HoF voters have a cornucopia of (understandable) reasons for keeping Sosa off of their ballots.
1. PED smoke (if not outright fire)
2. Corked Bat, which speaks to character and probably buttresses those with PED beliefs
3. Luke-warm-to-downright-cold rate/counting/SABR stats (outside of HRs/RBI)
4. Lots and lots of eligible guys who don't have any baggage...
What smoke? the only smoke is "he felt like one."
The PED treating of Sosa is exactly the reason I have zero respect for the majority of the BBWAA.
I'll concede all the other points, but there is absolutely zero evidence to support Sosa as "PED smoke." You have one bogus New York times article that has never EVER been verified.... Sosa has exactly the same evidence against him as Jeter, Maddux or Glavine...with the exception, that Sosa enjoyed a natural decline phase that those others seemed to have avoided.
He wouldn't have made my ballot of course, because it's too crowded, but it doesn't negate that there is nothing to support PED smoke .
"But why, beyond pure sympathy? (and Puckett didn't go blind). Great eyesight is as much a physical tool for ballplayers as a strong back. Puckett's eyes deteriorated, Mattingly/Keller's back deteriorated. They're both medical conditions."
It's a great question. I don't know. How about Koufax's arthritis? And how is an accident any more-or-less of a justification than, say, a chronic condition? A genetic condition like a degenerative hip?
Again, we are talking about the BBWAA.... a body that gave Ryan Howard an MVP award, when he was the third most valuable player on his team because of his homeruns and rbi. Gave Andre Dawson an MVP for that same reason. This is a body that really doesn't read much more than avg/hr/rbi when it comes to evaluating value or a player.

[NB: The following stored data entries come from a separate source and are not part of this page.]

(* Let $\mathcal X\subseteq\mathbb R^n$, $\bm c\in\mathbb R^n$, $\varepsilon\in(0,1)$, scenarios $\bm\xi^1,\dots,\bm\xi^N$ with probabilities $p_1,\dots,p_N\ge0$, $\sum_ip_i=1$, and $g(\bm x,\bm\xi)=\max_{j\in[J]}g_j(\bm x,\bm\xi)$. Consider $$v^*=\min_{\bm x\in\mathcal X}\Big\{\bm c^\top\bm x:\ \sum_{i=1}^N p_i\,\mathbb I[g(\bm x,\bm\xi^i)\le 0]\ge 1-\varepsilon\Big\},$$ let $\bm x^*$ be an optimal solution, $\bar I^*=\{i\in[N]: g(\bm x^*,\bm\xi^i)\le0\}$ and $\bar{\mathcal X}^*=\{\bm x\in\mathcal X: g(\bm x,\bm\xi^i)\le 0,\ i\in\bar I^*\}$. Suppose $\mathcal X$ is convex and $g(\cdot,\bm\xi^i)$ is convex for every $i\in\bar I^*$. If there exists $\bar I\subseteq\bar I^*$ such that (i) for each $i\in\bar I$ there exists $\bm x^i\in\bar{\mathcal X}^*$ with $g(\bm x^i,\bm\xi^i)<0$, and (ii) $\sum_{i\in\bar I}p_i>1-\varepsilon$, then $v^*=v^{\mathrm{CVaR}}_S$.
   Context: $\mathbb I[\cdot]$ is the indicator function, $\bm e$ the all-ones vector. For $\bm\alpha\ge\bm e$, $v^{\mathrm{CVaR}}(\bm\alpha)=\min_{\bm x\in\mathcal X,\beta\le0,\bm s\ge\bm0}\{\bm c^\top\bm x:\ \varepsilon\beta+\sum_i p_is_i\le0,\ s_i+\beta\ge\alpha_i g(\bm x,\bm\xi^i),\ i\in[N]\}$ (value $+\infty$ if infeasible), and $v^{\mathrm{CVaR}}_S=\inf_{\bm\alpha\ge\bm e}v^{\mathrm{CVaR}}(\bm\alpha)$. *)

theory Defs
  imports "HOL-Analysis.Analysis"
begin

text \<open>Scenarios are indexed by [N] = {1..N}; decision vectors live in real^'n.
  Optimal values are taken as infima in the extended reals (Inf of the empty set is +infinity).\<close>

definition chance_feasible ::
  "(real^'n) set \<Rightarrow> nat \<Rightarrow> (nat \<Rightarrow> real) \<Rightarrow> (nat \<Rightarrow> 'b) \<Rightarrow> (real^'n \<Rightarrow> 'b \<Rightarrow> real) \<Rightarrow> real \<Rightarrow> real^'n \<Rightarrow> bool"
  where "chance_feasible X N p \<xi> g \<epsilon> x \<longleftrightarrow>
    x \<in> X \<and> (\<Sum>i=1..N. p i * (if g x (\<xi> i) \<le> 0 then 1 else 0)) \<ge> 1 - \<epsilon>"

definition v_star ::
  "(real^'n) set \<Rightarrow> real^'n \<Rightarrow> nat \<Rightarrow> (nat \<Rightarrow> real) \<Rightarrow> (nat \<Rightarrow> 'b) \<Rightarrow> (real^'n \<Rightarrow> 'b \<Rightarrow> real) \<Rightarrow> real \<Rightarrow> ereal"
  where "v_star X c N p \<xi> g \<epsilon> =
    Inf {ereal (c \<bullet> x) | x. chance_feasible X N p \<xi> g \<epsilon> x}"

definition v_CVaR ::
  "(real^'n) set \<Rightarrow> real^'n \<Rightarrow> nat \<Rightarrow> (nat \<Rightarrow> real) \<Rightarrow> (nat \<Rightarrow> 'b) \<Rightarrow> (real^'n \<Rightarrow> 'b \<Rightarrow> real) \<Rightarrow> real \<Rightarrow> (nat \<Rightarrow> real) \<Rightarrow> ereal"
  where "v_CVaR X c N p \<xi> g \<epsilon> \<alpha> =
    Inf {ereal (c \<bullet> x) | x \<beta> s. x \<in> X \<and> \<beta> \<le> 0 \<and> (\<forall>i\<in>{1..N}. s i \<ge> 0) \<and>
       \<epsilon> * \<beta> + (\<Sum>i=1..N. p i * s i) \<le> 0 \<and>
       (\<forall>i\<in>{1..N}. s i + \<beta> \<ge> \<alpha> i * g x (\<xi> i))}"

definition v_CVaR_S ::
  "(real^'n) set \<Rightarrow> real^'n \<Rightarrow> nat \<Rightarrow> (nat \<Rightarrow> real) \<Rightarrow> (nat \<Rightarrow> 'b) \<Rightarrow> (real^'n \<Rightarrow> 'b \<Rightarrow> real) \<Rightarrow> real \<Rightarrow> ereal"
  where "v_CVaR_S X c N p \<xi> g \<epsilon> =
    (INF \<alpha>\<in>{\<alpha>. \<forall>i\<in>{1..N}. \<alpha> i \<ge> 1}. v_CVaR X c N p \<xi> g \<epsilon> \<alpha>)"

end

theory Submission
  imports Defs
begin

(* For \<alpha> \<ge> 1 the CVaR constraints force s\<^sub>i > -\<beta> \<ge> 0 on every violated scenario, so the
  budget \<epsilon>\<beta> + \<Sum> p\<^sub>i s\<^sub>i \<le> 0 caps the violated mass by \<epsilon>: the CVaR problem is a restriction
  of the chance-constrained one and v* \<le> v_CVaR_S.  Conversely, a point of X that is strictly
  feasible on a scenario set of mass > 1 - \<epsilon> is CVaR-feasible once \<alpha> is large on that set.
  Averaging the Slater points x\<^sup>i yields such a point x' for the set Ibar; by convexity so does
  every point of the segment (x*, x'], and letting it tend to x* gives v_CVaR_S \<le> c \<bullet> x* = v*. *)

lemma violation_mass_le_of_cvar_constraint:
  fixes p s v \<alpha> :: "'i \<Rightarrow> real"
  assumes A: "finite A" and eps: "0 < \<epsilon>" and beta: "\<beta> \<le> 0"
    and p: "\<And>i. i \<in> A \<Longrightarrow> 0 \<le> p i" and s: "\<And>i. i \<in> A \<Longrightarrow> 0 \<le> s i"
    and budget: "\<epsilon> * \<beta> + (\<Sum>i\<in>A. p i * s i) \<le> 0"
    and dominate: "\<And>i. i \<in> A \<Longrightarrow> \<alpha> i * v i \<le> s i + \<beta>"
    and alpha: "\<And>i. i \<in> A \<Longrightarrow> 1 \<le> \<alpha> i"
  shows "(\<Sum>i\<in>{i\<in>A. 0 < v i}. p i) \<le> \<epsilon>"
proof -
  let ?V = "{i\<in>A. 0 < v i}"
  have s_exceeds: "- \<beta> < s i" if "i \<in> ?V" for i
  proof -
    have "0 < \<alpha> i * v i"
      using that alpha[of i] by (intro mult_pos_pos) auto
    then show ?thesis using dominate[of i] that by auto
  qed
  have "(\<Sum>i\<in>?V. p i * s i) \<le> (\<Sum>i\<in>A. p i * s i)"
    by (rule sum_mono2) (use A p s in auto)
  with budget have V_budget: "(\<Sum>i\<in>?V. p i * s i) \<le> - \<epsilon> * \<beta>"
    by linarith
  show ?thesis
  proof (cases "\<beta> = 0")
    case True
    have terms_nonneg: "\<forall>i\<in>?V. 0 \<le> p i * s i"
      using p s by auto
    then have "(\<Sum>i\<in>?V. p i * s i) = 0"
      using V_budget True by (intro antisym sum_nonneg) auto
    then have "\<forall>i\<in>?V. p i * s i = 0"
      using terms_nonneg A by (subst (asm) sum_nonneg_eq_0_iff) auto
    then have "\<forall>i\<in>?V. p i = 0"
      using s_exceeds True by force
    then show ?thesis
      using eps by simp
  next
    case False
    have "(\<Sum>i\<in>?V. p i * (- \<beta>)) \<le> (\<Sum>i\<in>?V. p i * s i)"
    proof (rule sum_mono)
      fix i assume "i \<in> ?V"
      then show "p i * (- \<beta>) \<le> p i * s i"
        using p s_exceeds by (intro mult_left_mono) (auto simp: less_imp_le)
    qed
    with V_budget have "(\<Sum>i\<in>?V. p i) * (- \<beta>) \<le> \<epsilon> * (- \<beta>)"
      unfolding sum_distrib_right by linarith
    then show ?thesis using False beta by simp
  qed
qed

lemma cvar_feasible_imp_chance_feasible:
  assumes eps: "0 < \<epsilon>"
    and p_nonneg: "\<forall>i\<in>{1..N}. 0 \<le> p i" and p_sum: "(\<Sum>i=1..N. p i) = 1"
    and x: "x \<in> X" and beta: "\<beta> \<le> 0" and s: "\<forall>i\<in>{1..N}. 0 \<le> s i"
    and budget: "\<epsilon> * \<beta> + (\<Sum>i=1..N. p i * s i) \<le> 0"
    and dominate: "\<forall>i\<in>{1..N}. \<alpha> i * g x (\<xi> i) \<le> s i + \<beta>"
    and alpha: "\<forall>i\<in>{1..N}. 1 \<le> \<alpha> i"
  shows "chance_feasible X N p \<xi> g \<epsilon> x"
proof -
  let ?V = "{i\<in>{1..N}. 0 < g x (\<xi> i)}"
  have "(\<Sum>i\<in>?V. p i) \<le> \<epsilon>"
    by (rule violation_mass_le_of_cvar_constraint[where s = s and \<alpha> = \<alpha> and \<beta> = \<beta>])
      (use eps beta p_nonneg s budget dominate alpha in auto)
  moreover have "(\<Sum>i=1..N. p i * (if g x (\<xi> i) \<le> 0 then 1 else 0)) = 1 - (\<Sum>i\<in>?V. p i)"
  proof -
    have "(\<Sum>i=1..N. p i * (if g x (\<xi> i) \<le> 0 then 1 else 0))
        = (\<Sum>i=1..N. p i - (if 0 < g x (\<xi> i) then p i else 0))"
      by (rule sum.cong) auto
    also have "\<dots> = 1 - (\<Sum>i\<in>?V. p i)"
      by (simp only: sum_subtractf p_sum sum.inter_filter[OF finite_atLeastAtMost])
    finally show ?thesis .
  qed
  ultimately show ?thesis
    using x by (simp add: chance_feasible_def)
qed

lemma v_star_le_v_CVaR:
  assumes "0 < \<epsilon>" "\<forall>i\<in>{1..N}. 0 \<le> p i" "(\<Sum>i=1..N. p i) = 1"
    and "\<forall>i\<in>{1..N}. 1 \<le> \<alpha> i"
  shows "v_star X c N p \<xi> g \<epsilon> \<le> v_CVaR X c N p \<xi> g \<epsilon> \<alpha>"
  unfolding v_star_def v_CVaR_def
proof (rule Inf_superset_mono, safe)
  fix x \<beta> s
  assume "x \<in> X" "\<beta> \<le> 0" "\<forall>i\<in>{1..N}. 0 \<le> s i"
    "\<epsilon> * \<beta> + (\<Sum>i=1..N. p i * s i) \<le> 0" "\<forall>i\<in>{1..N}. \<alpha> i * g x (\<xi> i) \<le> s i + \<beta>"
  then have "chance_feasible X N p \<xi> g \<epsilon> x"
    using assms by (intro cvar_feasible_imp_chance_feasible[where \<beta> = \<beta> and s = s and \<alpha> = \<alpha>])
  then show "\<exists>y. ereal (c \<bullet> x) = ereal (c \<bullet> y) \<and> chance_feasible X N p \<xi> g \<epsilon> y"
    by blast
qed

lemma v_star_le_v_CVaR_S:
  assumes "0 < \<epsilon>" "\<forall>i\<in>{1..N}. 0 \<le> p i" "(\<Sum>i=1..N. p i) = 1"
  shows "v_star X c N p \<xi> g \<epsilon> \<le> v_CVaR_S X c N p \<xi> g \<epsilon>"
  unfolding v_CVaR_S_def by (rule INF_greatest) (use assms v_star_le_v_CVaR in blast)

lemma v_star_eq_optimal_value:
  assumes "chance_feasible X N p \<xi> g \<epsilon> x"
    and "\<forall>y. chance_feasible X N p \<xi> g \<epsilon> y \<longrightarrow> c \<bullet> x \<le> c \<bullet> y"
  shows "v_star X c N p \<xi> g \<epsilon> = ereal (c \<bullet> x)"
  unfolding v_star_def by (rule Inf_eqI) (use assms in auto)

lemma v_CVaR_S_le_strictly_feasible:
  assumes p_nonneg: "\<forall>i\<in>{1..N}. 0 \<le> p i"
    and I: "I \<subseteq> {1..N}" and tail: "(\<Sum>i\<in>{1..N} - I. p i) < \<epsilon>"
    and y: "y \<in> X" and strict: "\<forall>i\<in>I. g y (\<xi> i) < 0"
  shows "v_CVaR_S X c N p \<xi> g \<epsilon> \<le> ereal (c \<bullet> y)"
proof -
  (* With \<beta> = -M, the scaling \<alpha>\<^sub>i = M / -g\<^sub>i puts the scenarios of I below the threshold for
    free, the others pay |g\<^sub>i| + M, and M is chosen to make the budget tight. *)
  let ?J = "{1..N} - I"
  define G where "G = (\<Sum>i\<in>?J. p i * \<bar>g y (\<xi> i)\<bar>)"
  define M where "M = G / (\<epsilon> - (\<Sum>i\<in>?J. p i))"
  define s where "s i = (if i \<in> I then 0 else \<bar>g y (\<xi> i)\<bar> + M)" for i
  define \<alpha> where "\<alpha> i = (if i \<in> I then max 1 (M / - g y (\<xi> i)) else 1)" for i
  have "0 \<le> G"
    using p_nonneg by (auto simp: G_def intro!: sum_nonneg)
  then have M_nonneg: "0 \<le> M"
    using tail by (simp add: M_def)
  have "(\<Sum>i=1..N. p i * s i) = (\<Sum>i\<in>?J. p i * s i) + (\<Sum>i\<in>I. p i * s i)"
    using I by (simp add: sum.subset_diff)
  also have "\<dots> = G + M * (\<Sum>i\<in>?J. p i)"
    by (simp add: s_def G_def distrib_left sum.distrib sum_distrib_left mult.commute)
  also have "\<dots> = \<epsilon> * M"
    using tail by (simp add: M_def field_simps)
  finally have budget: "\<epsilon> * (- M) + (\<Sum>i=1..N. p i * s i) \<le> 0"
    by simp
  have dominate: "\<alpha> i * g y (\<xi> i) \<le> s i + - M" for i
  proof (cases "i \<in> I")
    case True
    then have g_neg: "g y (\<xi> i) < 0"
      using strict by blast
    have "\<alpha> i * g y (\<xi> i) \<le> M / - g y (\<xi> i) * g y (\<xi> i)"
      using True g_neg by (intro mult_right_mono_neg) (auto simp: \<alpha>_def)
    also have "\<dots> = - M"
      using g_neg by simp
    finally show ?thesis
      using True by (simp add: s_def)
  next
    case False
    then show ?thesis
      by (simp add: s_def \<alpha>_def)
  qed
  have "v_CVaR X c N p \<xi> g \<epsilon> \<alpha> \<le> ereal (c \<bullet> y)"
    unfolding v_CVaR_def
  proof (rule Inf_lower)
    have "- M \<le> 0" "\<forall>i\<in>{1..N}. 0 \<le> s i"
      using M_nonneg by (simp_all add: s_def)
    then show "ereal (c \<bullet> y) \<in> {ereal (c \<bullet> x) | x \<beta> s. x \<in> X \<and> \<beta> \<le> 0 \<and> (\<forall>i\<in>{1..N}. 0 \<le> s i) \<and>
       \<epsilon> * \<beta> + (\<Sum>i=1..N. p i * s i) \<le> 0 \<and> (\<forall>i\<in>{1..N}. \<alpha> i * g x (\<xi> i) \<le> s i + \<beta>)}"
      using y budget dominate by blast
  qed
  moreover have "v_CVaR_S X c N p \<xi> g \<epsilon> \<le> v_CVaR X c N p \<xi> g \<epsilon> \<alpha>"
    unfolding v_CVaR_S_def by (rule INF_lower) (simp add: \<alpha>_def)
  ultimately show ?thesis
    by simp
qed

no. I am stating that while I am not enthralled with sosa's resume he merits induction by historical standards.
The PED treating of Sosa is exactly the reason I have zero respect for the majority of the BBWAA.
So if we applied the Anton Chigurh coin flip test to Sosa -- right and you live, wrong and you get a fatal bullet square to the forehead -- and instead of "heads or tails," the question was "Did Sosa use PEDs as a player?," you'd go with "No"?
Not the person the question was addressed to, but my answer would be "Yes". Which is the same answer I'd give for Glavine, Maddux, Jeter, FThomas, etc.
I'm a huge Maddux fan, and I hate to think that he used steroids. But at the same time, I'd love it if at his induction, he confessed to regular steroid use.